Select all lines in the records that include "lemma".

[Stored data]
# # # #

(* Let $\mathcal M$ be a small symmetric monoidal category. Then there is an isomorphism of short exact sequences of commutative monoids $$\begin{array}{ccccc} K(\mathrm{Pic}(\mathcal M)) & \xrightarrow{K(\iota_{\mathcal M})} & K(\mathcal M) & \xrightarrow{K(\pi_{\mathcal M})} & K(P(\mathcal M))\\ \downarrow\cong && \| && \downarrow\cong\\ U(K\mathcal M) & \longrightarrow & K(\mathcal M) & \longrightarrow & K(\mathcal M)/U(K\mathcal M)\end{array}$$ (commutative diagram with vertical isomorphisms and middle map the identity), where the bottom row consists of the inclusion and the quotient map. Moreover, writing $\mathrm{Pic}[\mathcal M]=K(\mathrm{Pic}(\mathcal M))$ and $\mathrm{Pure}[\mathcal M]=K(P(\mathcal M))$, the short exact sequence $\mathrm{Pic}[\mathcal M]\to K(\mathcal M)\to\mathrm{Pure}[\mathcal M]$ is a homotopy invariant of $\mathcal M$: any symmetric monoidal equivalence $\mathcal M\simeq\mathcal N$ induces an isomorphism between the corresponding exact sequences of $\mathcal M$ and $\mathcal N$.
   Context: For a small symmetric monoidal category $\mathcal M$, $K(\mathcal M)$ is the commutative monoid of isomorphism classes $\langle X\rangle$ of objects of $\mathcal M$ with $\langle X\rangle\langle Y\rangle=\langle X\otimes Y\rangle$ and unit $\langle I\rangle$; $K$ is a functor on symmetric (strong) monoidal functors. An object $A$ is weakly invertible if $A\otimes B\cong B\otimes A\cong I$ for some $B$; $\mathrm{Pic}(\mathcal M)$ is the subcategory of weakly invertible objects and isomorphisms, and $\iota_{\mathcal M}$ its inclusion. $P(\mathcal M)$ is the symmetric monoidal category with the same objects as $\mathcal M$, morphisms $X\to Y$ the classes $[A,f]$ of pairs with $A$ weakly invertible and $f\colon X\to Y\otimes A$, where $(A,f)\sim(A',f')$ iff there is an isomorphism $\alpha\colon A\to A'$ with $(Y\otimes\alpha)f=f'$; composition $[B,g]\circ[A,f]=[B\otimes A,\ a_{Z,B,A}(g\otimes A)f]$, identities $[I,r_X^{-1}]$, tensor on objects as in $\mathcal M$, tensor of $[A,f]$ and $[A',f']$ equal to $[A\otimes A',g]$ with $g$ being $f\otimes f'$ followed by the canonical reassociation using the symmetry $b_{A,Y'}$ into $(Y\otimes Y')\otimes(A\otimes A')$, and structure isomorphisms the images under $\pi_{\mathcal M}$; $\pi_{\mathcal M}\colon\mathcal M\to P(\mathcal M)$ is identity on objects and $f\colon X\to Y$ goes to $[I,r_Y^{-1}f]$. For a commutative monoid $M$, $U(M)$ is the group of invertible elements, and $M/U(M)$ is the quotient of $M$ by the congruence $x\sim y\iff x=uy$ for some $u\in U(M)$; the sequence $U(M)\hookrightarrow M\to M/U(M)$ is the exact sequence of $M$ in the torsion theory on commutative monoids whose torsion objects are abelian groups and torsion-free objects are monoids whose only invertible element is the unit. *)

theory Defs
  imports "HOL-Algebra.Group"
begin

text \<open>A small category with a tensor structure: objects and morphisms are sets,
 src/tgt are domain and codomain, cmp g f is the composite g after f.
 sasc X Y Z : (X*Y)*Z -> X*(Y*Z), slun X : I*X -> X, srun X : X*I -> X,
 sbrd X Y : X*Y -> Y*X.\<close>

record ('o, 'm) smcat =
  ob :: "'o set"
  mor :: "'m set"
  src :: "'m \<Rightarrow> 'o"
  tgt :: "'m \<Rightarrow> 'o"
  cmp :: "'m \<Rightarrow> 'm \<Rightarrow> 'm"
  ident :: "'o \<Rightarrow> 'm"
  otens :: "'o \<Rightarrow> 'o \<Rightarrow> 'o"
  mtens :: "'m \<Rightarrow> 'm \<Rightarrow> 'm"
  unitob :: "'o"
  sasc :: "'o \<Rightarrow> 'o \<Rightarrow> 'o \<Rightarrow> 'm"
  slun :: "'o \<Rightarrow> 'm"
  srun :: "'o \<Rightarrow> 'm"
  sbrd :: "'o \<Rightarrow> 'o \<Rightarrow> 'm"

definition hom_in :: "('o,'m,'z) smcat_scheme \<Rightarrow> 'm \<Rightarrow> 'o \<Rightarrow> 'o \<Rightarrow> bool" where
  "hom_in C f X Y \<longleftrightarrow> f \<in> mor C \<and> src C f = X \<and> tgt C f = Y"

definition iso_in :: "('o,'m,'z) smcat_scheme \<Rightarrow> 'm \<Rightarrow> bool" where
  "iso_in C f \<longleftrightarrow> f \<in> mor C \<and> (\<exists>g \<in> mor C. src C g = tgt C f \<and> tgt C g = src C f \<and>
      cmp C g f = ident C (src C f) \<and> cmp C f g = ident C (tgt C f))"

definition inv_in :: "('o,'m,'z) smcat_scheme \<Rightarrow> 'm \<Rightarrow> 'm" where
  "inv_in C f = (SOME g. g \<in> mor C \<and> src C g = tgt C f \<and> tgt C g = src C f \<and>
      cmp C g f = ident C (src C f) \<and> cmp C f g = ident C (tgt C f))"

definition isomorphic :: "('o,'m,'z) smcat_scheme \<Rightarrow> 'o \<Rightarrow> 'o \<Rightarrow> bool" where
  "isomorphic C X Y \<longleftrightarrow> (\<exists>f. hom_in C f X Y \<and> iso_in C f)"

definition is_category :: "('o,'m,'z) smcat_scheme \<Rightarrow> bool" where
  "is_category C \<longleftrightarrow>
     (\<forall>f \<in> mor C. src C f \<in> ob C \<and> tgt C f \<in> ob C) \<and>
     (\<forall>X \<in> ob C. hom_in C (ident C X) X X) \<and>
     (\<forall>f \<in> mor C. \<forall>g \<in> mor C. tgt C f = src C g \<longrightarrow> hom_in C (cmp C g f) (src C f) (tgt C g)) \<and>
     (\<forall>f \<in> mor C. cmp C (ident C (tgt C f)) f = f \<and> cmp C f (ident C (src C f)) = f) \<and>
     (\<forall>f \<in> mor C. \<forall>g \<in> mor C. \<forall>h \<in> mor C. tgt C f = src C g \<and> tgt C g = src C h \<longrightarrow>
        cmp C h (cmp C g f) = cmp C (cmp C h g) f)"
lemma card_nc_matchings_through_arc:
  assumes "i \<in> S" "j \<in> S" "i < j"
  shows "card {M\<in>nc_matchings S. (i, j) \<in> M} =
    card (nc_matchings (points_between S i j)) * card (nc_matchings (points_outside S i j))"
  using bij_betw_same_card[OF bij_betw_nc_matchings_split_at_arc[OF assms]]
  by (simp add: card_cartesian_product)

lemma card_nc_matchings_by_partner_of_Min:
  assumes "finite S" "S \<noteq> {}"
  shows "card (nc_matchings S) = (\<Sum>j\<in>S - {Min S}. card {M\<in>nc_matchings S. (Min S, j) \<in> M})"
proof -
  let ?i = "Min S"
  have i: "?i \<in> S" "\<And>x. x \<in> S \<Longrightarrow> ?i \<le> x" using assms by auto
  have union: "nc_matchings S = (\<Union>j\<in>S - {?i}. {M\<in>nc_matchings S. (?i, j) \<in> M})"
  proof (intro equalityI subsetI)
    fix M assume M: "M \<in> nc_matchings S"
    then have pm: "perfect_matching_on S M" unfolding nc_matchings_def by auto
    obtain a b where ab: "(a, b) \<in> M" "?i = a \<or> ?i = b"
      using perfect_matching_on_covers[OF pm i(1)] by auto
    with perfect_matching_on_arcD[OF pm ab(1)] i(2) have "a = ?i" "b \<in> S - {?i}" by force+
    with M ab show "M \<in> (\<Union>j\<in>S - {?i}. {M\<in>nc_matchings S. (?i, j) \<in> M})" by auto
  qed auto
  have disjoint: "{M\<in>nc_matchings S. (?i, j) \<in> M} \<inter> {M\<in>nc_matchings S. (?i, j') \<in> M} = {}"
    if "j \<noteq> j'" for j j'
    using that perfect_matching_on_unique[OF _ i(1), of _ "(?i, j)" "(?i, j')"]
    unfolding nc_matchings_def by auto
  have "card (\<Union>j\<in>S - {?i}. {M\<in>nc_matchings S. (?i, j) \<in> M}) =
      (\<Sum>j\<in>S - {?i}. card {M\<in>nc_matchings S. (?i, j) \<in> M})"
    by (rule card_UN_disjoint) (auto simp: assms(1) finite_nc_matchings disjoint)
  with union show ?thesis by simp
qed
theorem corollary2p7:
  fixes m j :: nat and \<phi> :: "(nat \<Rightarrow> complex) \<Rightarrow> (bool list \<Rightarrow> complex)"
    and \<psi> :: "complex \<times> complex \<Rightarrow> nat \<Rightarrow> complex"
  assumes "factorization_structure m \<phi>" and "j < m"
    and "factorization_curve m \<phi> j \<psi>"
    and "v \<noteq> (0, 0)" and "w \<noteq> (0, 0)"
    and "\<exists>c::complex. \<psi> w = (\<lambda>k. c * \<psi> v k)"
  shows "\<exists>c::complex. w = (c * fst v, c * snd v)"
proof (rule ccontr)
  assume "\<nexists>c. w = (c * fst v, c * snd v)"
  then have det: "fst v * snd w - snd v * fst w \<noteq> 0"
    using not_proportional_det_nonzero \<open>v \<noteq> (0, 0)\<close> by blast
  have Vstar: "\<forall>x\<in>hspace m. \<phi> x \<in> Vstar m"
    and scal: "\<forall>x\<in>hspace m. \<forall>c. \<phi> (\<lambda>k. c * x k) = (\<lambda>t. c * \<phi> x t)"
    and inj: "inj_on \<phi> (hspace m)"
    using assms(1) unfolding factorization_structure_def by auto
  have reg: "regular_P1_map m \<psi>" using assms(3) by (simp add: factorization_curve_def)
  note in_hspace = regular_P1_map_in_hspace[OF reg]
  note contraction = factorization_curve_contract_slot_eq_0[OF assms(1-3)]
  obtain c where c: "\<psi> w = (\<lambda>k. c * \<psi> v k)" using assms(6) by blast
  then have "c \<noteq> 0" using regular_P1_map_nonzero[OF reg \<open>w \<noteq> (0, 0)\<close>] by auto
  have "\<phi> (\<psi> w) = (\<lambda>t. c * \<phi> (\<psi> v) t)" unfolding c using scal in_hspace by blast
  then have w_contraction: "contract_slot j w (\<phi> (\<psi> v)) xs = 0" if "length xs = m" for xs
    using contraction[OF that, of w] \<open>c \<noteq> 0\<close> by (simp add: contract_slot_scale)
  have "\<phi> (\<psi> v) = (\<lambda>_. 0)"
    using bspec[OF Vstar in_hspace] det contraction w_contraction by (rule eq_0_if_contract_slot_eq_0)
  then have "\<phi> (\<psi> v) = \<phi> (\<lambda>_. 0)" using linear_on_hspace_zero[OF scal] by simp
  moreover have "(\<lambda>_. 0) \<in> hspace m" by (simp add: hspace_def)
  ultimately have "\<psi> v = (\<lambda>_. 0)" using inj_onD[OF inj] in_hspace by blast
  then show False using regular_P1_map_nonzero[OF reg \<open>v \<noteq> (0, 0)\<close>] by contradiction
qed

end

# # # #

Output of the exercise |
lemma card_nc_matchings_through_arc:
lemma card_nc_matchings_by_partner_of_Min:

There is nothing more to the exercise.